Fitness services are generally supplied under contracts of service entered into between the providers of the services and the participants/clients (or their guardians). Such contracts govern the relationships of the parties, and may contain express terms dealing with safety matters.
Where fitness services are supplied to a consumer in trade or commerce, the Australian Consumer Law imposes a statutory guarantee that a provider must render such services with due care and skill. [3.0]-[3.2] A provider will be liable to compensate a consumer for any loss or damage suffered as a result of a breach of such guarantee.
In determining whether a provider has been careless, the various state and territory Civil Liability Acts are applicable.

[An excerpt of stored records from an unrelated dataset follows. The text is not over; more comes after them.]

(* Let $G=(V,E)$ be a naturally ordered DAG. For every finite set $f_1,\dots,f_r\in\mathbb R[\Sigma]$ there exist $s\in S_G$ and $h_1,\dots,h_r\in\mathbb R[\Sigma_E]$ such that $sf_i-h_i\in I_G$ for $i=1,\dots,r$.
   Context: $\mathbb R[\Sigma]$ is the polynomial ring in symmetric variables $\sigma_{ij}=\sigma_{ji}$, $i,j\in V=[p]$; $\mathbb R[\Sigma_E]\subseteq\mathbb R[\Sigma]$ is the subring generated by $\sigma_{ii}$ ($i\in V$) and $\sigma_{ij}$ ($ij\in E$). $G$ naturally ordered means $ij\in E\Rightarrow i<j$. $I_G$ is the ideal generated by $|\Sigma_{ij|\mathrm{pa}(j)}|$ for $i<j$ with $ij\notin E$, where $\Sigma_{ij|K}$ has rows $(i,K)$ and columns $(j,K)$. $S_G$ is the multiplicatively closed set $\{\prod_{i\in V}|\Sigma_{\mathrm{pa}(i)}|^{k_i}:k_i\in\mathbb N\}$. *)

theory Defs
  imports Complex_Main "HOL-Library.Poly_Mapping" "HOL-Combinatorics.Permutations"
begin

text \<open>Real polynomials in commuting variables indexed by pairs of natural numbers.
  The symmetric variable sigma_ij = sigma_ji is the variable indexed by (min i j, max i j).\<close>

type_synonym rpoly = "((nat \<times> nat) \<Rightarrow>\<^sub>0 nat) \<Rightarrow>\<^sub>0 real"

definition pvar :: "nat \<times> nat \<Rightarrow> rpoly" where
  "pvar v = Poly_Mapping.single (Poly_Mapping.single v 1) 1"

definition sigma :: "nat \<Rightarrow> nat \<Rightarrow> rpoly" where
  "sigma i j = pvar (min i j, max i j)"

definition pvars :: "rpoly \<Rightarrow> (nat \<times> nat) set" where
  "pvars f = (\<Union>m\<in>Poly_Mapping.keys f. Poly_Mapping.keys m)"

definition RSigma :: "nat \<Rightarrow> rpoly set" where
  "RSigma p = {f. pvars f \<subseteq> {(i,j). 1 \<le> i \<and> i \<le> j \<and> j \<le> p}}"

text \<open>R[Sigma_E]: generated by sigma_ii (i in V) and sigma_ij (ij in E, stored as (i,j) with i<j).\<close>
definition RSigmaE :: "nat \<Rightarrow> (nat \<times> nat) set \<Rightarrow> rpoly set" where
  "RSigmaE p E = {f. pvars f \<subseteq> {(i,i) | i. 1 \<le> i \<and> i \<le> p} \<union> E}"

definition detl :: "nat list \<Rightarrow> nat list \<Rightarrow> rpoly" where
  "detl rs cs = (\<Sum>q | q permutes {..<length rs}.
      of_int (sign q) * (\<Prod>a<length rs. sigma (rs ! a) (cs ! (q a))))"

definition pa :: "(nat \<times> nat) set \<Rightarrow> nat \<Rightarrow> nat list" where
  "pa E j = sorted_list_of_set {i. (i, j) \<in> E}"

definition cond_minor :: "nat \<Rightarrow> nat \<Rightarrow> nat list \<Rightarrow> rpoly" where
  "cond_minor i j K = detl (i # K) (j # K)"

definition ideal_gen :: "rpoly set \<Rightarrow> rpoly set \<Rightarrow> rpoly set" where
  "ideal_gen R B = {f. \<exists>F c. finite F \<and> F \<subseteq> B \<and> (\<forall>b\<in>F. c b \<in> R) \<and> f = (\<Sum>b\<in>F. c b * b)}"

definition I_G :: "nat \<Rightarrow> (nat \<times> nat) set \<Rightarrow> rpoly set" where
  "I_G p E = ideal_gen (RSigma p) {cond_minor i j (pa E j) | i j.
      1 \<le> i \<and> i < j \<and> j \<le> p \<and> (i, j) \<notin> E}"

definition S_G :: "nat \<Rightarrow> (nat \<times> nat) set \<Rightarrow> rpoly set" where
  "S_G p E = {(\<Prod>i\<in>{1..p}. detl (pa E i) (pa E i) ^ k i) | k. True}"

definition naturally_ordered_dag :: "nat \<Rightarrow> (nat \<times> nat) set \<Rightarrow> bool" where
  "naturally_ordered_dag p E \<longleftrightarrow> E \<subseteq> {1..p} \<times> {1..p} \<and> (\<forall>(i,j)\<in>E. i < j)"

end

theory Submission
  imports Defs Jordan_Normal_Form.Determinant
begin

text \<open>Say a polynomial has level n if it only involves the variables \<sigma>(a,b) with a \<le> b \<le> n,
  the diagonal variables \<sigma>(i,i) and the edge variables \<sigma>(i,j), ij \<in> E. By induction on n,
  every finite family of level n is carried into \<real>[\<Sigma>_E] modulo I_G by one common multiplier
  \<Prod>_{i\<le>n} |\<Sigma>_pa(i)|^k(i). The variables new at level n+1 are the \<sigma>(a,n+1) with
  a < n+1 and a \<rightarrow> n+1 not an edge. Laplace expansion of the generator |\<Sigma>_{a,n+1|pa(n+1)}|
  along its first row gives \<sigma>(a,n+1) |\<Sigma>_pa(n+1)| \<equiv> -R modulo I_G with R of level n: the
  parents of n+1 are smaller than n+1, and \<sigma>(k,n+1) is an edge variable for every parent k.
  Hence the reducible polynomials of level n+1 form a ring containing all variables. Multipliers
  of level n+1 are themselves of level n, so the cross terms that arise when multipliers are
  combined can be reduced by the induction hypothesis; this is why the induction carries finite
  families.\<close>

lemma pvars_zero [simp]: "pvars 0 = {}"
  by (simp add: pvars_def)

lemma pvars_add: "pvars (f + g) \<subseteq> pvars f \<union> pvars g"
  unfolding pvars_def using keys_add[of f g] by blast

lemma pvars_uminus [simp]: "pvars (- f) = pvars f"
  unfolding pvars_def by simp

lemma pvars_mult: "pvars (f * g) \<subseteq> pvars f \<union> pvars g"
proof
  fix v assume "v \<in> pvars (f * g)"
  then obtain m where m: "m \<in> Poly_Mapping.keys (f * g)" "v \<in> Poly_Mapping.keys m"
    unfolding pvars_def by blast
  then obtain a b where ab: "m = a + b" "a \<in> Poly_Mapping.keys f" "b \<in> Poly_Mapping.keys g"
    using keys_mult[of f g] by blast
  then have "v \<in> Poly_Mapping.keys a \<union> Poly_Mapping.keys b"
    using m(2) keys_add[of a b] by blast
  with ab show "v \<in> pvars f \<union> pvars g"
    unfolding pvars_def by blast
qed

lemma pvars_single_0 [simp]: "pvars (Poly_Mapping.single 0 c) = {}"
  unfolding pvars_def by simp

lemma pvars_of_int [simp]: "pvars (of_int c :: rpoly) = {}"
proof -
  have "pvars (of_nat n :: rpoly) = {}" for n
    by (metis pvars_single_0 single_of_nat)
  then show ?thesis
    by (cases c rule: int_cases) (auto simp del: of_nat_Suc)
qed

lemma pvars_pvar: "pvars (pvar v) \<subseteq> {v}"
  unfolding pvars_def pvar_def by simp

definition polys_in :: "(nat \<times> nat) set \<Rightarrow> rpoly set" where
  "polys_in V = {f. pvars f \<subseteq> V}"

lemma polys_in_add: "f \<in> polys_in V \<Longrightarrow> g \<in> polys_in V \<Longrightarrow> f + g \<in> polys_in V"
  unfolding polys_in_def using pvars_add by blast

lemma polys_in_mult: "f \<in> polys_in V \<Longrightarrow> g \<in> polys_in V \<Longrightarrow> f * g \<in> polys_in V"
  unfolding polys_in_def using pvars_mult by blast

lemma polys_in_uminus: "f \<in> polys_in V \<Longrightarrow> - f \<in> polys_in V"
  unfolding polys_in_def by simp

lemma polys_in_single_0 [simp]: "Poly_Mapping.single 0 c \<in> polys_in V"
  unfolding polys_in_def by simp

lemma polys_in_of_int [simp]: "of_int c \<in> polys_in V"
  unfolding polys_in_def by simp

lemma polys_in_zero [simp]: "0 \<in> polys_in V"
  unfolding polys_in_def by simp

lemma polys_in_one [simp]: "1 \<in> polys_in V"
  unfolding polys_in_def by (simp flip: single_one)

lemma polys_in_pvar: "v \<in> V \<Longrightarrow> pvar v \<in> polys_in V"
  unfolding polys_in_def using pvars_pvar by blast

lemma polys_in_mono: "V \<subseteq> U \<Longrightarrow> polys_in V \<subseteq> polys_in U"
  unfolding polys_in_def by blast

lemma polys_in_power: "f \<in> polys_in V \<Longrightarrow> f ^ k \<in> polys_in V"
  by (induct k) (auto intro: polys_in_mult)

lemma polys_in_sum: "(\<And>x. x \<in> A \<Longrightarrow> g x \<in> polys_in V) \<Longrightarrow> sum g A \<in> polys_in V"
  by (induct A rule: infinite_finite_induct) (auto intro: polys_in_add)

lemma polys_in_prod: "(\<And>x. x \<in> A \<Longrightarrow> g x \<in> polys_in V) \<Longrightarrow> prod g A \<in> polys_in V"
  by (induct A rule: infinite_finite_induct) (auto intro: polys_in_mult)

lemma pvar_power: "pvar v ^ k = Poly_Mapping.single (Poly_Mapping.single v k) 1"
proof (induct k)
  case (Suc k)
  then have "pvar v ^ Suc k = Poly_Mapping.single (Poly_Mapping.single v k) 1 * pvar v"
    by (simp add: mult.commute)
  then show ?case
    unfolding pvar_def mult_single by (simp add: single_add[symmetric])
qed simp

lemma update_fresh_eq_add:
  "a \<notin> Poly_Mapping.keys f \<Longrightarrow> Poly_Mapping.update a b f = f + Poly_Mapping.single a b"
  by (rule poly_mapping_eqI)
    (auto simp: lookup_update lookup_add lookup_single in_keys_iff when_def)

lemma single_update_fresh:
  "a \<notin> Poly_Mapping.keys m \<Longrightarrow>
    Poly_Mapping.single (Poly_Mapping.update a k m) c = Poly_Mapping.single m c * pvar a ^ k"
  by (simp add: update_fresh_eq_add pvar_power mult_single)

lemma polys_in_induct [consumes 1, case_names const var add mult]:
  assumes f: "f \<in> polys_in V"
    and const: "\<And>c. Q (Poly_Mapping.single 0 c)"
    and var: "\<And>v. v \<in> V \<Longrightarrow> Q (pvar v)"
    and add: "\<And>a b. Q a \<Longrightarrow> Q b \<Longrightarrow> a \<in> polys_in V \<Longrightarrow> b \<in> polys_in V \<Longrightarrow> Q (a + b)"
    and mult: "\<And>a b. Q a \<Longrightarrow> Q b \<Longrightarrow> a \<in> polys_in V \<Longrightarrow> b \<in> polys_in V \<Longrightarrow> Q (a * b)"
  shows "Q f"
proof -
  have power: "Q (pvar v ^ k) \<and> pvar v ^ k \<in> polys_in V" if "v \<in> V" for v k
  proof (induct k)
    case 0
    show ?case using const[of 1] by (simp flip: single_one)
  next
    case (Suc k)
    then show ?case
      using that var[of v] mult[of "pvar v ^ k" "pvar v"] polys_in_pvar[of v V]
      by (simp add: mult.commute polys_in_mult)
  qed
  have monomial: "Q (Poly_Mapping.single m c) \<and> Poly_Mapping.single m c \<in> polys_in V"
    if "Poly_Mapping.keys m \<subseteq> V" for m c
    using that
  proof (induct m rule: update_induct)
    case const
    then show ?case using assms(2) by simp
  next
    case (update m a k)
    then have "Poly_Mapping.keys m \<subseteq> V" "a \<in> V"
      by (auto simp: keys_update)
    with update(3) power have "Q (Poly_Mapping.single m c)" "Poly_Mapping.single m c \<in> polys_in V"
      "Q (pvar a ^ k)" "pvar a ^ k \<in> polys_in V"
      by blast+
    then show ?case
      unfolding single_update_fresh[OF update(1)] by (blast intro: mult polys_in_mult)
  qed
  from f have "pvars f \<subseteq> V"
    unfolding polys_in_def by simp
  then show ?thesis
  proof (induct f rule: update_induct)
    case const
    then show ?case using assms(2)[of 0] by simp
  next
    case (update g m c)
    then have "pvars g \<subseteq> V" "Poly_Mapping.keys m \<subseteq> V"
      unfolding pvars_def by (auto simp: keys_update)
    with update(3) monomial have "Q g" "Q (Poly_Mapping.single m c)"
      "g \<in> polys_in V" "Poly_Mapping.single m c \<in> polys_in V"
      unfolding polys_in_def by blast+
    then show ?case
      unfolding update_fresh_eq_add[OF update(1)] by (rule add)
  qed
qed

definition sym_var :: "nat \<Rightarrow> nat \<Rightarrow> nat \<times> nat" where
  "sym_var a b = (min a b, max a b)"

lemma polys_in_sigma: "sym_var a b \<in> V \<Longrightarrow> sigma a b \<in> polys_in V"
  unfolding sigma_def sym_var_def by (rule polys_in_pvar)

lemma polys_in_det:
  "(\<And>a b. a < dim_row A \<Longrightarrow> b < dim_col A \<Longrightarrow> A $$ (a, b) \<in> polys_in V) \<Longrightarrow>
    det A \<in> polys_in V"
  unfolding det_def
  by (auto intro!: polys_in_sum polys_in_mult polys_in_prod simp: permutes_in_image)

lemma detl_eq_det:
  "detl rs cs = det (mat (length rs) (length rs) (\<lambda>(a, b). sigma (rs ! a) (cs ! b)))"
proof -
  let ?n = "length rs" and ?A = "mat (length rs) (length rs) (\<lambda>(a, b). sigma (rs ! a) (cs ! b))"
  have "det ?A = (\<Sum>q\<in>{q. q permutes {0..<?n}}. signof q * (\<Prod>a=0..<?n. ?A $$ (a, q a)))"
    by (rule det_def') simp
  also have "\<dots> = (\<Sum>q\<in>{q. q permutes {..<?n}}. signof q * (\<Prod>a<?n. sigma (rs ! a) (cs ! q a)))"
    by (rule sum.cong) (auto simp: atLeast0LessThan permutes_in_image intro!: prod.cong)
  finally show ?thesis
    unfolding detl_def by simp
qed

lemma detl_in_polys_in:
  "length cs = length rs \<Longrightarrow> (\<And>x y. x \<in> set rs \<Longrightarrow> y \<in> set cs \<Longrightarrow> sym_var x y \<in> V) \<Longrightarrow>
    detl rs cs \<in> polys_in V"
  unfolding detl_eq_det by (rule polys_in_det) (auto intro!: polys_in_sigma)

Various defences contained in state and territory Civil Liability Acts will also continue to apply to claims for breaches of the statutory guarantee.
The guarantee that services be rendered with due care and skill cannot be excluded by the parties to a contract unless the contract is one for recreational services, which is broadly defined.
Under state and territory Fair Trading Acts, different Fitness Codes of Practice apply to the fitness industry. These Codes are not uniform. Some Codes are voluntary, some are mandatory. [4.1]-[4.2] Apart from the Code of the ACT, the mandatory Codes do not generally deal with health and safety matters.
The differences between the various Codes highlight the need for uniform national standards and a nationally adopted Fitness Code.